One argument, courtesy @Divizna, is as follows. A doubly diminished n-th should be smaller by two semitones than the minor (or perfect) n-th, so the size of a doubly diminished second is -1 semitones because a minor 2nd is 1 semitone.

But how could the size of an interval be negative? What does that even mean? The above argument undoubtedly works for thirds, fourths, and larger intervals, but seconds?

Another argument is as follows. Per the above, a diminished second is of size 0, but then further diminution of the interval would have swapped the higher and lower tones, so you should increase the size, so the size is 1 semitone. For instance, E to Fb is a diminished second, but E# is higher than Fb (at least in 12TET, in other tuning system where the two tones do exist one might be able to compare their respective pitches to get either the same or a different result) while E is lower than F.

But the statement "E# is higher than Fb" is in reference to their respective pitches, or rather, frequencies, and if we instead consider the placement of these notes on the staff, the opposite would be true: E# is lower (in staff position) than Fb. Then the swap shouldn't have taken place, and we should just keep subtracting 1 semitone from the size of the interval, hence a doubly diminished second has the size of -1 semitone.

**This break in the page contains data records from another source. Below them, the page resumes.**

(* Let $n\ge\ell\ge1$ and $s\ge1$ be integers and let $\underline{\eta}=(\eta_1,\dots,\eta_s)$ be integer thresholds with $1\le\eta_1<\dots<\eta_s\le\ell$. There exists a binary matrix $\mathbf{K}$ with $n$ columns and $\big\lceil\log_{s+1}\big(\frac{n-\ell+1}{\ell}\big)\big\rceil$ rows such that for all $i,j\in\{0,\dots,n-\ell\}$ with $|i-j|>\ell+1$ one has $\underline{\eta}(\mathbf{K}\mathbf{b}_i)\neq\underline{\eta}(\mathbf{K}\mathbf{b}_j)$.
   Context: Items are indexed $0,\dots,n-1$. For $0\le i\le n-\ell$, $\mathbf{b}_i\in\{0,1\}^n$ denotes the burst of length $\ell$ with head $i$: its $t$-th coordinate is $1$ iff $i\le t\le i+\ell-1$. For thresholds $\underline{\eta}=(\eta_1<\dots<\eta_s)$, the SQGT outcome of a nonnegative integer $y$ is $\underline{\eta}(y)=|\{k:\eta_k\le y\}|\in\{0,\dots,s\}$; for a binary matrix $\mathbf{M}$, $\underline{\eta}(\mathbf{M}\mathbf{b})$ is the vector obtained by applying $\underline{\eta}$ to each entry of the integer vector $\mathbf{M}\mathbf{b}$. A matrix with zero rows is allowed (it gives the empty outcome). *)

theory Defs
  imports Complex_Main
begin

definition burst :: "nat \<Rightarrow> nat \<Rightarrow> nat \<Rightarrow> nat" where
  "burst l i t = (if i \<le> t \<and> t \<le> i + l - 1 then 1 else 0)"

definition binary_matrix :: "nat \<Rightarrow> nat list list \<Rightarrow> bool" where
  "binary_matrix n M \<longleftrightarrow> (\<forall>row \<in> set M. length row = n \<and> set row \<subseteq> {0, 1})"

definition mat_vec :: "nat \<Rightarrow> nat list list \<Rightarrow> (nat \<Rightarrow> nat) \<Rightarrow> nat list" where
  "mat_vec n M b = map (\<lambda>row. \<Sum>t<n. row ! t * b t) M"

definition sqgt :: "nat list \<Rightarrow> nat \<Rightarrow> nat" where
  "sqgt eta y = card {k. k < length eta \<and> eta ! k \<le> y}"

definition sqgt_vec :: "nat list \<Rightarrow> nat list \<Rightarrow> nat list" where
  "sqgt_vec eta ys = map (sqgt eta) ys"

end

theory Submission
  imports Defs
begin

text \<open>A row x of K contributes the window sum of x over [i, i + l) for the burst with head i,
  and this sum changes by at most one when i moves by one. The rows therefore form a reflected
  (s + 1)-ary Gray code of the head (s = length eta), each quantized window sum being one digit. The top row of
  a code is a ramp whose window sum crosses the thresholds exactly at the boundaries of s + 1
  consecutive blocks; below it every block carries a copy of the code of the previous level,
  mirrored in odd blocks, so that copies in neighbouring blocks agree on the columns that
  windows near their common boundary read. Two heads more than l + 1 apart lie in different
  blocks on some level and are separated by that level's ramp. With m rows the code covers
  l (s + 1)^m + 1 heads, which is at least n - l + 1 for the stated m.\<close>

definition window_sum :: "nat \<Rightarrow> (nat \<Rightarrow> nat) \<Rightarrow> nat \<Rightarrow> nat" where
  "window_sum l f i = (\<Sum>t = i..<i + l. f t)"

lemma window_sum_Suc: "window_sum l f (Suc i) + f i = window_sum l f i + f (i + l)"
  unfolding window_sum_def
  by (cases l) (simp_all add: sum.atLeast_Suc_lessThan add.commute)

lemma window_sum_mono:
  assumes "\<And>t. f t \<le> f (t + l)" and "i \<le> j"
  shows "window_sum l f i \<le> window_sum l f j"
  using lift_Suc_mono_le[of "window_sum l f", OF _ assms(2)] window_sum_Suc assms(1)
  by (metis add_le_cancel_left add.commute)

lemma window_sum_le:
  "(\<And>t. i \<le> t \<Longrightarrow> t < i + l \<Longrightarrow> f t \<le> g t) \<Longrightarrow> window_sum l f i \<le> window_sum l g i"
  unfolding window_sum_def by (rule sum_mono) auto

lemma window_sum_cong:
  "(\<And>t. i \<le> t \<Longrightarrow> t < i + l \<Longrightarrow> f t = g t) \<Longrightarrow> window_sum l f i = window_sum l g i"
  unfolding window_sum_def by (rule sum.cong) auto

lemma window_sum_shift: "c \<le> i \<Longrightarrow> window_sum l (\<lambda>t. f (t - c)) i = window_sum l f (i - c)"
  unfolding window_sum_def
  by (rule sum.reindex_bij_witness[of _ "\<lambda>u. u + c" "\<lambda>t. t - c"]) auto

lemma window_sum_reflect:
  "i + l \<le> M + 1 \<Longrightarrow> window_sum l (\<lambda>t. f (M - t)) i = window_sum l f (M + 1 - l - i)"
  unfolding window_sum_def
  by (rule sum.reindex_bij_witness[of _ "\<lambda>u. M - u" "\<lambda>t. M - t"]) auto

lemma bij_betw_mod_interval:
  fixes c i l :: nat
  shows "bij_betw (\<lambda>t. (t + c) mod l) {i..<i + l} {..<l}"
proof -
  have inj: "inj_on (\<lambda>t. (t + c) mod l) {i..<i + l}"
  proof (rule inj_onI)
    have eq: "a = b" if "a \<in> {i..<i + l}" "b \<in> {i..<i + l}" "a \<le> b"
      "(a + c) mod l = (b + c) mod l" for a b :: nat
    proof -
      have "l dvd b - a" using that mod_eq_dvd_iff_nat[of "a + c" "b + c" l] by simp
      moreover have "b - a < l" using that by auto
      ultimately show "a = b" using that(3) by (metis dvd_imp_le le_antisym not_less zero_less_diff)
    qed
    fix x y assume "x \<in> {i..<i + l}" "y \<in> {i..<i + l}" "(x + c) mod l = (y + c) mod l"
    then show "x = y" using eq[of x y] eq[of y x] by (cases "x \<le> y") auto
  qed
  moreover have "(\<lambda>t. (t + c) mod l) ` {i..<i + l} \<subseteq> {..<l}"
    by (cases l) auto
  moreover have "card ((\<lambda>t. (t + c) mod l) ` {i..<i + l}) = card {..<l}"
    using card_image[OF inj] by simp
  ultimately show ?thesis
    by (simp add: bij_betw_def card_subset_eq)
qed

lemma window_sum_mod: "window_sum l (\<lambda>t. g ((t + c) mod l)) i = (\<Sum>r<l. g r)"
  unfolding window_sum_def using sum.reindex_bij_betw[OF bij_betw_mod_interval, of g] by simp

lemma window_sum_indicator_mod:
  "window_sum l (\<lambda>t. if P ((t + c) mod l) then 1 else 0) i = card {r. r < l \<and> P r}"
  using window_sum_mod[of l "\<lambda>r. if P r then 1 else 0"]
  by (simp add: sum.If_cases lessThan_def Collect_conj_eq Int_commute)

lemma mat_vec_burst:
  assumes "1 \<le> l" and "i + l \<le> n"
  shows "mat_vec n (map (\<lambda>r. map (f r) [0..<n]) rs) (burst l i)
           = map (\<lambda>r. window_sum l (f r) i) rs"
proof -
  have "(\<Sum>t<n. map (f r) [0..<n] ! t * burst l i t) = window_sum l (f r) i" for r
  proof -
    have "(\<Sum>t<n. map (f r) [0..<n] ! t * burst l i t)
        = (\<Sum>t<n. if t \<in> {i..<i + l} then f r t else 0)"
      using assms(1) by (intro sum.cong) (auto simp: burst_def)
    also have "\<dots> = (\<Sum>t \<in> {..<n} \<inter> {i..<i + l}. f r t)" by (simp add: sum.inter_restrict)
    also have "{..<n} \<inter> {i..<i + l} = {i..<i + l}" using assms(2) by auto
    finally show ?thesis unfolding window_sum_def .
  qed
  then show ?thesis by (simp add: mat_vec_def)
qed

Yet another argument, assuming 12TET: E# and F have the same pitch (frequency), while Fb and E have the same pitch (frequency). So the interval between E# and Fb should have the same size as that between E and F, which is 1 semitone.

But enharmonic does not mean identical, and indeed there are case where it makes a difference. For exmaple, a C# major triad has an E#, not an F; E# to F is a diminished second, not a perfect prime. So it is not clear how this problem wouldn't arise in the above argument.

So, what is the size (how many semitones) of a doubly diminished second? 1? -1? Or are there any other possibility I've missed?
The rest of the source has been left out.